**Exercise requirements:**
Set the data down again, exactly as it appears below.

**Source information:**
(* Let $d\ge 2$ and $x_0\in\mathbb{R}^d$. Then $$\{\text{block unimodal distributions on }\mathcal{D}_0\text{ about }x_0\}\subsetneq\{\text{OU distributions on }\mathcal{D}_0\text{ about }x_0\}\subsetneq\{\text{star unimodal distributions on }\mathcal{D}_0\text{ about }x_0\}.$$
   Context: $\mathcal{D}_0=\{x\in\mathbb{R}^d:x\ge x_0\}$ (componentwise). All convex hulls below are closed with respect to weak convergence, and uniform distributions are on sets of finite positive Lebesgue measure. A distribution on $\mathcal{D}_0$ is block unimodal about $x_0$ if it lies in the closed convex hull of the uniform distributions on rectangles contained in $\mathcal{D}_0$ that contain $x_0$ and have edges parallel to the coordinate axes. A set $K$ is star-shaped about $x_0$ if for each $x\in K$ the segment joining $x$ and $x_0$ lies in $K$; a distribution on $\mathcal{D}_0$ is star unimodal about $x_0$ if it lies in the closed convex hull of the uniform distributions on subsets of $\mathcal{D}_0$ that are star-shaped about $x_0$. A set $K\subset\mathcal{D}_0$ is OU about $x_0$ if $x\in K$ and $x\ge x'\ge x_0$ imply $x'\in K$; a distribution on $\mathcal{D}_0$ is OU about $x_0$ if it lies in the closed convex hull of the uniform distributions on subsets of $\mathcal{D}_0$ that are OU about $x_0$. *)

theory Defs
  imports "HOL-Probability.Probability"
begin

type_synonym 'n pt = "real ^ 'n"

definition orthant :: "'n::finite pt \<Rightarrow> 'n pt set" where
  "orthant x0 = {x. \<forall>i. x0 $ i \<le> x $ i}"

definition distr_on :: "'n::finite pt \<Rightarrow> 'n pt measure \<Rightarrow> bool" where
  "distr_on x0 M \<longleftrightarrow> prob_space M \<and> sets M = sets borel \<and> measure M (orthant x0) = 1"

definition uniform_on :: "'n::finite pt set \<Rightarrow> 'n pt measure" where
  "uniform_on K = measure_of UNIV (sets borel)
      (\<lambda>A. emeasure lebesgue (A \<inter> K) / emeasure lebesgue K)"

definition admissible_set :: "'n::finite pt set \<Rightarrow> bool" where
  "admissible_set K \<longleftrightarrow> K \<in> sets lebesgue \<and> 0 < emeasure lebesgue K \<and> emeasure lebesgue K < \<infinity>"

definition weak_conv :: "(nat \<Rightarrow> 'n::finite pt measure) \<Rightarrow> 'n pt measure \<Rightarrow> bool" where
  "weak_conv Ms M \<longleftrightarrow> (\<forall>f :: 'n pt \<Rightarrow> real. continuous_on UNIV f \<and> bounded (range f) \<longrightarrow>
      (\<lambda>k. integral\<^sup>L (Ms k) f) \<longlonglongrightarrow> integral\<^sup>L M f)"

**Problem solution:**
(* Let $d\ge 2$ and $x_0\in\mathbb{R}^d$. Then $$\{\text{block unimodal distributions on }\mathcal{D}_0\text{ about }x_0\}\subsetneq\{\text{OU distributions on }\mathcal{D}_0\text{ about }x_0\}\subsetneq\{\text{star unimodal distributions on }\mathcal{D}_0\text{ about }x_0\}.$$
   Context: $\mathcal{D}_0=\{x\in\mathbb{R}^d:x\ge x_0\}$ (componentwise). All convex hulls below are closed with respect to weak convergence, and uniform distributions are on sets of finite positive Lebesgue measure. A distribution on $\mathcal{D}_0$ is block unimodal about $x_0$ if it lies in the closed convex hull of the uniform distributions on rectangles contained in $\mathcal{D}_0$ that contain $x_0$ and have edges parallel to the coordinate axes. A set $K$ is star-shaped about $x_0$ if for each $x\in K$ the segment joining $x$ and $x_0$ lies in $K$; a distribution on $\mathcal{D}_0$ is star unimodal about $x_0$ if it lies in the closed convex hull of the uniform distributions on subsets of $\mathcal{D}_0$ that are star-shaped about $x_0$. A set $K\subset\mathcal{D}_0$ is OU about $x_0$ if $x\in K$ and $x\ge x'\ge x_0$ imply $x'\in K$; a distribution on $\mathcal{D}_0$ is OU about $x_0$ if it lies in the closed convex hull of the uniform distributions on subsets of $\mathcal{D}_0$ that are OU about $x_0$. *)

theory Defs
  imports "HOL-Probability.Probability"
begin

type_synonym 'n pt = "real ^ 'n"

definition orthant :: "'n::finite pt \<Rightarrow> 'n pt set" where
  "orthant x0 = {x. \<forall>i. x0 $ i \<le> x $ i}"

definition distr_on :: "'n::finite pt \<Rightarrow> 'n pt measure \<Rightarrow> bool" where
  "distr_on x0 M \<longleftrightarrow> prob_space M \<and> sets M = sets borel \<and> measure M (orthant x0) = 1"

definition uniform_on :: "'n::finite pt set \<Rightarrow> 'n pt measure" where
  "uniform_on K = measure_of UNIV (sets borel)
      (\<lambda>A. emeasure lebesgue (A \<inter> K) / emeasure lebesgue K)"

definition admissible_set :: "'n::finite pt set \<Rightarrow> bool" where
  "admissible_set K \<longleftrightarrow> K \<in> sets lebesgue \<and> 0 < emeasure lebesgue K \<and> emeasure lebesgue K < \<infinity>"

definition weak_conv :: "(nat \<Rightarrow> 'n::finite pt measure) \<Rightarrow> 'n pt measure \<Rightarrow> bool" where
  "weak_conv Ms M \<longleftrightarrow> (\<forall>f :: 'n pt \<Rightarrow> real. continuous_on UNIV f \<and> bounded (range f) \<longrightarrow>
      (\<lambda>k. integral\<^sup>L (Ms k) f) \<longlonglongrightarrow> integral\<^sup>L M f)"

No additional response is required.